§ What you will do
Among the entries below, tally the lines that include "shows", and give the number alone.

§ Extracted data
_ _ _ _ _

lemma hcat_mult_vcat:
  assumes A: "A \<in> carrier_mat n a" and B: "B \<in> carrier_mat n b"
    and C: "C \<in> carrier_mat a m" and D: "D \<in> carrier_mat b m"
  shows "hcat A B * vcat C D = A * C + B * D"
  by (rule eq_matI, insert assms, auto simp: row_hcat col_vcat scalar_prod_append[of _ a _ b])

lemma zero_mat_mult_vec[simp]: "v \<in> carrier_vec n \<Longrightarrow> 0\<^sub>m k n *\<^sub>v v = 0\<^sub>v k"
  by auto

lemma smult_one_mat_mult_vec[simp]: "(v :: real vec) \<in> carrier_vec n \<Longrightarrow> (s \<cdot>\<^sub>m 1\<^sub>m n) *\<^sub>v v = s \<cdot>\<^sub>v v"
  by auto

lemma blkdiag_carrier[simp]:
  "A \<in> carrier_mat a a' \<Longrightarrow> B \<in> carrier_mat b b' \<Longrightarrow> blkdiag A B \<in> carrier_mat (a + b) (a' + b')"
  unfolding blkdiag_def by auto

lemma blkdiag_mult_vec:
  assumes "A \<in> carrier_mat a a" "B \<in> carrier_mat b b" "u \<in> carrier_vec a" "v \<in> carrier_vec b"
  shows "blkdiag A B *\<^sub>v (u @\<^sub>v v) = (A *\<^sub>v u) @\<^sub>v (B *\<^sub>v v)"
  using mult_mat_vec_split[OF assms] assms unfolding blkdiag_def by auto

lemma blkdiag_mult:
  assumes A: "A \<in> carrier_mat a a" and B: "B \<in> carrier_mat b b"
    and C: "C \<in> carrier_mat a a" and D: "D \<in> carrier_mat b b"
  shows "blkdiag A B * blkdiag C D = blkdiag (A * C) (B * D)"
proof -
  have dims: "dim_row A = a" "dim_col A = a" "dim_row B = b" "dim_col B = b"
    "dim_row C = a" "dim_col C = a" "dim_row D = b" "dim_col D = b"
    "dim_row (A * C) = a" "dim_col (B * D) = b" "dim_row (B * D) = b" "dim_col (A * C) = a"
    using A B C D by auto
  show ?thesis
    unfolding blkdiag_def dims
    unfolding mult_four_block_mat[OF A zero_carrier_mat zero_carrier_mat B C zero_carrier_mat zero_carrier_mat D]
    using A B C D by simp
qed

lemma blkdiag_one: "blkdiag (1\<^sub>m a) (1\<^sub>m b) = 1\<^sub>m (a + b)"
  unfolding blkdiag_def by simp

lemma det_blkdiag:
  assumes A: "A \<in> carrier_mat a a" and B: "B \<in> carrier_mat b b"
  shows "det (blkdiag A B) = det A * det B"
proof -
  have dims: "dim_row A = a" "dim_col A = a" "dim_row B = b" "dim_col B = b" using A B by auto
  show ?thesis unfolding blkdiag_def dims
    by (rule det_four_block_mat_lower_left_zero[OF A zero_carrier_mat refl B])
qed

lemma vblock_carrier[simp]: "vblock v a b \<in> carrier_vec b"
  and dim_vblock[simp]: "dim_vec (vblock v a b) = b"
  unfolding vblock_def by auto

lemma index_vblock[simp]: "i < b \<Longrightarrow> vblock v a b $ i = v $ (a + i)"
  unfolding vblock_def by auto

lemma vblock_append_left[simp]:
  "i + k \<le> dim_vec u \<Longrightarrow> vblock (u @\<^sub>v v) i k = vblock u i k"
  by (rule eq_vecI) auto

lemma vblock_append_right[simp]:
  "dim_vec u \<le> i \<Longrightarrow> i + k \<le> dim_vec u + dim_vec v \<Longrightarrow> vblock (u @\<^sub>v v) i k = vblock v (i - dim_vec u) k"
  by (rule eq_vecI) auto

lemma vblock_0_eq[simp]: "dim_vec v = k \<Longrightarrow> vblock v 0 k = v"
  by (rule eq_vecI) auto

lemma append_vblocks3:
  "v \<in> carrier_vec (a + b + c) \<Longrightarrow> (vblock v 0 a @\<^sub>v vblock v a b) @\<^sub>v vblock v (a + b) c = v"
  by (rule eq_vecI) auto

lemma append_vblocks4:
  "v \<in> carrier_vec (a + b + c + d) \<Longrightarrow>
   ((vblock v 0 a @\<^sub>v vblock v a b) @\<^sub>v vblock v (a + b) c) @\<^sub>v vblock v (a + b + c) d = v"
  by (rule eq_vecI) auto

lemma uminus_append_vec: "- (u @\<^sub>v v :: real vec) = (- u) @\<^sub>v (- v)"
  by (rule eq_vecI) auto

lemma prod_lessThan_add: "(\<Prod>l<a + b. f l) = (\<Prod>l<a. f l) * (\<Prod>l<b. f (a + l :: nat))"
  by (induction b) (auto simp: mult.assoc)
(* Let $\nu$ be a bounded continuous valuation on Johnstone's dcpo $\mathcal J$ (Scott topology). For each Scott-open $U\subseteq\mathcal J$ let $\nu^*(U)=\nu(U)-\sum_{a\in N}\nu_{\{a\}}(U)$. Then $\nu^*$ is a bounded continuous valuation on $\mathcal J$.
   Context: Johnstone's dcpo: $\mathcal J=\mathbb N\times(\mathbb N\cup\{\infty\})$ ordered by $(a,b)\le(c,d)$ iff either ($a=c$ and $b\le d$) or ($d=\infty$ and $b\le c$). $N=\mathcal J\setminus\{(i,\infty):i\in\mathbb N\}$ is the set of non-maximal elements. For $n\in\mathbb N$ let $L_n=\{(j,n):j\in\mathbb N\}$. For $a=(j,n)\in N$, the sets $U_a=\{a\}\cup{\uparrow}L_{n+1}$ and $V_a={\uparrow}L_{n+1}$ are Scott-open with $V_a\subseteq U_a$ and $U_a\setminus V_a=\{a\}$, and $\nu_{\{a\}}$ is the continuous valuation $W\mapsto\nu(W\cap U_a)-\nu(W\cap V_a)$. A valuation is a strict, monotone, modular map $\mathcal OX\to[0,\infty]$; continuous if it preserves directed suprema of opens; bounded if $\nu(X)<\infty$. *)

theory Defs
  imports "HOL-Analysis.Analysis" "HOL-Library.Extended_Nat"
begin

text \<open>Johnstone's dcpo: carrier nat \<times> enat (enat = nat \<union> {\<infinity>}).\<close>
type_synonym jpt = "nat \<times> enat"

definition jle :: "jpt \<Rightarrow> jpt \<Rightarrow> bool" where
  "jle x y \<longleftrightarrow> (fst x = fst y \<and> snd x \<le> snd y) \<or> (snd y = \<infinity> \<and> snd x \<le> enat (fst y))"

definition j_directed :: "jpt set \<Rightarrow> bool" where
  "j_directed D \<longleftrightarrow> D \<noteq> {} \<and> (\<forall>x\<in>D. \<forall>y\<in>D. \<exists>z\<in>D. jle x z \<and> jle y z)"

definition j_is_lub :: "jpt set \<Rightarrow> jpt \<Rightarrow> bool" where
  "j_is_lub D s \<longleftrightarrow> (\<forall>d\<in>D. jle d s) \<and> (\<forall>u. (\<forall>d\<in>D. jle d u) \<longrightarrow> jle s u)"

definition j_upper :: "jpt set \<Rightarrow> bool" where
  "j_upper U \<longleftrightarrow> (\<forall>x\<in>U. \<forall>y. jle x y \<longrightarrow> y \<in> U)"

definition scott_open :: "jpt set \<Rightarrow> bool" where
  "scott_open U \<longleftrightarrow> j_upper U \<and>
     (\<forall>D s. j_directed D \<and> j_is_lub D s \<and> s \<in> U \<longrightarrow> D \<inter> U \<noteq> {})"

_ _ _ _ _

§ Reply
4